● Required action:
Using the listing below, select the lines with the word "exists" and copy them.

● Data:

(* Let $1\le\ell\le k-1$ be integers with $k-\ell$ not dividing $k$, and let $m\ge\lceil k/(k-\ell)\rceil$ be an integer. Then the $k$-uniform $\ell$-cycle $C$ with $k^2\ell+m$ edges is $k$-partite. Moreover, if $m=\lceil k/(k-\ell)\rceil$, then $\gcd(C)=1$.
   Context: A ($k$-uniform) $\ell$-cycle is a $k$-graph whose vertices can be cyclically ordered so that every edge consists of $k$ cyclically consecutive vertices and consecutive edges intersect in exactly $\ell$ vertices; with $e$ edges it has $e(k-\ell)$ vertices. A $k$-graph is $k$-partite if its vertex set can be partitioned into $k$ parts so that every edge has exactly one vertex in each part. A proper $t$-colouring of a $k$-graph $F$ assigns to each vertex one of the colours $1,\dots,t$ so that no edge contains two vertices of the same colour; $\chi(F)$ is the least $t$ admitting a proper $t$-colouring. $\mathcal{D}(F)\subseteq\mathbb{N}_0$ is the set of integers $\big||\phi^{-1}(1)|-|\phi^{-1}(2)|\big|$ over all proper $\chi(F)$-colourings $\phi$ of $F$, and $\gcd(F)$ is the greatest common divisor of the elements of $\mathcal{D}(F)\setminus\{0\}$, with $\gcd(F)=\infty$ if $\mathcal{D}(F)=\{0\}$. *)

theory Defs
  imports Main "HOL-Library.Extended_Nat"
begin

definition cycle_vertices :: "nat \<Rightarrow> nat \<Rightarrow> nat \<Rightarrow> nat set" where
  "cycle_vertices k l e = {..<e * (k - l)}"

definition cycle_edges :: "nat \<Rightarrow> nat \<Rightarrow> nat \<Rightarrow> nat set set" where
  "cycle_edges k l e =
     {{(i * (k - l) + j) mod (e * (k - l)) | j. j < k} | i. i < e}"

definition k_partite :: "'a set \<Rightarrow> 'a set set \<Rightarrow> nat \<Rightarrow> bool" where
  "k_partite V E k \<longleftrightarrow>
     (\<exists>f. f ` V \<subseteq> {..<k} \<and> (\<forall>X\<in>E. \<forall>p<k. card {v\<in>X. f v = p} = 1))"

definition proper_colouring :: "'a set \<Rightarrow> 'a set set \<Rightarrow> nat \<Rightarrow> ('a \<Rightarrow> nat) \<Rightarrow> bool" where
  "proper_colouring V E t \<phi> \<longleftrightarrow>
     \<phi> ` V \<subseteq> {1..t} \<and> (\<forall>X\<in>E. \<forall>u\<in>X. \<forall>v\<in>X. u \<noteq> v \<longrightarrow> \<phi> u \<noteq> \<phi> v)"

definition chromatic_number :: "'a set \<Rightarrow> 'a set set \<Rightarrow> nat" where
  "chromatic_number V E = (LEAST t. \<exists>\<phi>. proper_colouring V E t \<phi>)"

definition colour_diffs :: "'a set \<Rightarrow> 'a set set \<Rightarrow> nat set" where
  "colour_diffs V E =
     {nat \<bar>int (card {v\<in>V. \<phi> v = 1}) - int (card {v\<in>V. \<phi> v = 2})\<bar> | \<phi>.
        proper_colouring V E (chromatic_number V E) \<phi>}"

definition hgcd :: "'a set \<Rightarrow> 'a set set \<Rightarrow> enat" where
  "hgcd V E = (if colour_diffs V E - {0} = {} then \<infinity>
               else enat (Gcd (colour_diffs V E - {0})))"

end

theory Submission
  imports Defs "HOL-Combinatorics.Transposition"
begin

(* Write d = k - l and k = q d + r, where 0 < r < d because d does not divide k, so that
   ceil (k / d) = q + 1. Number the n = e d vertices of the cycle by the naturals modulo n, so that
   edge i is the window [i d, i d + k). A map into {0, ..., k - 1} that is n-periodic and injective
   on every window is then a proper k-colouring, i.e. a k-partition.

   A set meeting every window exactly once is built from blocks of q or q + 1 consecutive
   windows: block t gets the single point (S (t + 1) - 1) d + o t, where S is the partial sum of
   the block lengths and the offset o t is < r for long blocks and >= r for short ones. Give s
   disjoint such sets the colours 0, ..., s - 1. Every window then contains exactly k - s free
   vertices, consecutive among all free vertices, so colouring the free vertices by their rank
   modulo k - s is injective on windows, and it is periodic when k - s divides their number.

   For e >= k^2 l a single such set, with a suitable number N of points per period (k - 1 dividing
   n - N), gives the k-partition. For e = k^2 l + q + 1 one has n = k T + (d - r) with
   T = k l d + 1. A set of size T + 1, together with a disjoint set of size T + d - r - 1 when
   d - r >= 2, leaves k - 1 (resp. k - 2) colour classes of size T, so two colour classes differ
   in size by one and the gcd is 1. *)

section \<open>Window colourings of the cycle\<close>

lemma hgcd_eq_1_if_card_diff_1:
  assumes "proper_colouring V E (chromatic_number V E) \<phi>"
    and "card {v \<in> V. \<phi> v = 1} = Suc (card {v \<in> V. \<phi> v = 2})"
  shows "hgcd V E = 1"
proof -
  have "1 \<in> colour_diffs V E"
    unfolding colour_diffs_def using assms by (intro CollectI exI[of _ \<phi>]) auto
  moreover from this have "Gcd (colour_diffs V E - {0}) = 1"
    by (metis DiffI Gcd_dvd nat_dvd_1_iff_1 singletonD zero_neq_one)
  ultimately show ?thesis unfolding hgcd_def by (auto simp: one_enat_def)
qed

lemma cycle_edges_eq_windows:
  "cycle_edges k l e = {(\<lambda>j. (i*(k-l) + j) mod (e*(k-l))) ` {..<k} | i. i < e}"
  unfolding cycle_edges_def by (auto simp: image_def)

lemma periodic_mod:
  fixes f :: "nat \<Rightarrow> 'a"
  assumes "\<And>v. f (v + n) = f v"
  shows "f (x mod n) = f x"
proof -
  have "f (y + j*n) = f y" for y j
    by (induction j arbitrary: y) (simp_all add: assms add.assoc[symmetric])
  from this[of "x mod n" "x div n"] show ?thesis by simp
qed

locale window_colouring =
  fixes k l e :: nat and F :: "nat \<Rightarrow> nat"
  assumes k_le: "k \<le> e*(k-l)" and k_pos: "0 < k"
    and periodic: "\<And>v. F (v + e*(k-l)) = F v"
    and less_k: "\<And>v. F v < k"
    and inj_on_window: "\<And>i. i < e \<Longrightarrow> inj_on F {i*(k-l)..<i*(k-l) + k}"
begin

lemma bij_betw_window:
  assumes "i < e"
  shows "bij_betw (\<lambda>j. F (i*(k-l) + j)) {..<k} {..<k}"
proof -
  have inj: "inj_on (\<lambda>j. F (i*(k-l) + j)) {..<k}"
  proof (rule inj_onI)
    fix x y assume "x \<in> {..<k}" "y \<in> {..<k}" "F (i*(k-l) + x) = F (i*(k-l) + y)"
    then show "x = y"
      using inj_onD[OF inj_on_window[OF assms], of "i*(k-l) + x" "i*(k-l) + y"] by simp
  qed
  then have "(\<lambda>j. F (i*(k-l) + j)) ` {..<k} = {..<k}"
    using less_k by (intro card_subset_eq) (auto simp: card_image)
  with inj show ?thesis unfolding bij_betw_def by simp
qed

lemma card_edge_colour_class:
  assumes "X \<in> cycle_edges k l e" "p < k"
  shows "card {v \<in> X. F v = p} = 1"
proof -
  obtain i where i: "i < e" and X: "X = (\<lambda>j. (i*(k-l) + j) mod (e*(k-l))) ` {..<k}"
    using assms(1) unfolding cycle_edges_eq_windows by blast
  have F_mod: "F ((i*(k-l) + j) mod (e*(k-l))) = F (i*(k-l) + j)" for j
    using periodic_mod[of F, OF periodic] .
  note bij = bij_betw_window[OF i]
  have "p \<in> (\<lambda>j. F (i*(k-l) + j)) ` {..<k}" using bij assms(2) unfolding bij_betw_def by simp
  then obtain j where j: "j < k" "F (i*(k-l) + j) = p" by auto
  have "{v \<in> X. F v = p} = {(i*(k-l) + j) mod (e*(k-l))}"
  proof
    show "{(i*(k-l) + j) mod (e*(k-l))} \<subseteq> {v \<in> X. F v = p}" using X j F_mod by auto
    show "{v \<in> X. F v = p} \<subseteq> {(i*(k-l) + j) mod (e*(k-l))}"
    proof
      fix v assume "v \<in> {v \<in> X. F v = p}"
      then obtain j' where j': "j' < k" "v = (i*(k-l) + j') mod (e*(k-l))" "F (i*(k-l) + j') = p"
        using X F_mod by auto
      then have "j' = j" using inj_onD[OF bij_betw_imp_inj_on[OF bij], of j' j] j by simp
      then show "v \<in> {(i*(k-l) + j) mod (e*(k-l))}" using j' by simp
    qed
  qed
  then show ?thesis by simp
qed

lemma k_partite: "k_partite (cycle_vertices k l e) (cycle_edges k l e) k"
  unfolding k_partite_def using less_k card_edge_colour_class by blast

lemma proper_colouring_comp:
  assumes "inj_on h {..<k}" "h ` {..<k} \<subseteq> {1..k}"
  shows "proper_colouring (cycle_vertices k l e) (cycle_edges k l e) k (\<lambda>v. h (F v))"
  unfolding proper_colouring_def
proof (intro conjI ballI impI)
  show "(\<lambda>v. h (F v)) ` cycle_vertices k l e \<subseteq> {1..k}" using assms(2) less_k by auto
next
  fix X u v assume X: "X \<in> cycle_edges k l e" and uv: "u \<in> X" "v \<in> X" "u \<noteq> v"
  obtain x where x: "{w \<in> X. F w = F u} = {x}"
    using card_edge_colour_class[OF X less_k] by (rule card_1_singletonE)
  have "F u \<noteq> F v"
  proof
    assume "F u = F v"
    then have "u = x" "v = x" using x uv by (auto simp: set_eq_iff)
    with uv show False by simp
  qed
  then show "h (F u) \<noteq> h (F v)" using inj_onD[OF assms(1), of "F u" "F v"] less_k by auto
qed

lemma chromatic_number_eq: "chromatic_number (cycle_vertices k l e) (cycle_edges k l e) = k"
  unfolding chromatic_number_def
proof (rule Least_equality)
  have "proper_colouring (cycle_vertices k l e) (cycle_edges k l e) k (\<lambda>v. Suc (F v))"
    by (rule proper_colouring_comp) auto
  then show "\<exists>\<phi>. proper_colouring (cycle_vertices k l e) (cycle_edges k l e) k \<phi>" by blast
next
  fix t assume "\<exists>\<phi>. proper_colouring (cycle_vertices k l e) (cycle_edges k l e) t \<phi>"
  then obtain \<phi> where \<phi>: "proper_colouring (cycle_vertices k l e) (cycle_edges k l e) t \<phi>" ..
  have e_pos: "0 < e" using k_le k_pos by (cases e) auto
  let ?w = "\<lambda>j. j mod (e*(k-l))"
  let ?X = "?w ` {..<k}"
  have X: "?X \<in> cycle_edges k l e"
    unfolding cycle_edges_eq_windows using e_pos by (auto intro!: exI[of _ 0])
  have "inj_on (F \<circ> ?w) {..<k}"
    using bij_betw_imp_inj_on[OF bij_betw_window[OF e_pos]] periodic_mod[of F, OF periodic]
    by (simp add: inj_on_def)
  then have "card ?X = k" by (simp add: card_image inj_on_imageI2)
  moreover have "inj_on \<phi> ?X"
  proof (rule inj_onI)
    fix u v assume "u \<in> ?X" "v \<in> ?X" "\<phi> u = \<phi> v"
    then show "u = v" using \<phi> X unfolding proper_colouring_def by metis
  qed
  ultimately have "card (\<phi> ` ?X) = k" by (simp add: card_image)
  moreover have "\<phi> ` ?X \<subseteq> {1..t}"
    using \<phi> k_le unfolding proper_colouring_def cycle_vertices_def by auto
  ultimately show "k \<le> t" using card_mono[of "{1..t}" "\<phi> ` ?X"] by simp
qed

lemma hgcd_eq_1:
  assumes "0 < b" "b < k"
    and "card {v \<in> {..<e*(k-l)}. F v = 0} = Suc (card {v \<in> {..<e*(k-l)}. F v = b})"
  shows "hgcd (cycle_vertices k l e) (cycle_edges k l e) = 1"
proof (rule hgcd_eq_1_if_card_diff_1)
  let ?h = "Suc \<circ> Transposition.transpose 1 b"
  have "?h ` {..<k} = Suc ` Transposition.transpose 1 b ` {..<k}" by (simp add: image_comp)
  also have "\<dots> = Suc ` {..<k}" using assms(1,2) by simp
  finally have "?h ` {..<k} \<subseteq> {1..k}" by auto
  moreover have "inj_on ?h {..<k}" by (simp add: comp_inj_on)
  ultimately show "proper_colouring (cycle_vertices k l e) (cycle_edges k l e)
      (chromatic_number (cycle_vertices k l e) (cycle_edges k l e)) (\<lambda>v. ?h (F v))"
    unfolding chromatic_number_eq by (intro proper_colouring_comp)
  have "?h x = 1 \<longleftrightarrow> x = 0" "?h x = 2 \<longleftrightarrow> x = b" for x
    using assms(1) by (auto simp: transpose_eq_iff)
  then show "card {v \<in> cycle_vertices k l e. ?h (F v) = 1}
      = Suc (card {v \<in> cycle_vertices k l e. ?h (F v) = 2})"
    using assms(3) unfolding cycle_vertices_def by simp
qed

● Response:
     (\<exists>f. f ` V \<subseteq> {..<k} \<and> (\<forall>X\<in>E. \<forall>p<k. card {v\<in>X. f v = p} = 1))"
  "chromatic_number V E = (LEAST t. \<exists>\<phi>. proper_colouring V E t \<phi>)"
  then show "\<exists>\<phi>. proper_colouring (cycle_vertices k l e) (cycle_edges k l e) k \<phi>" by blast
  fix t assume "\<exists>\<phi>. proper_colouring (cycle_vertices k l e) (cycle_edges k l e) t \<phi>"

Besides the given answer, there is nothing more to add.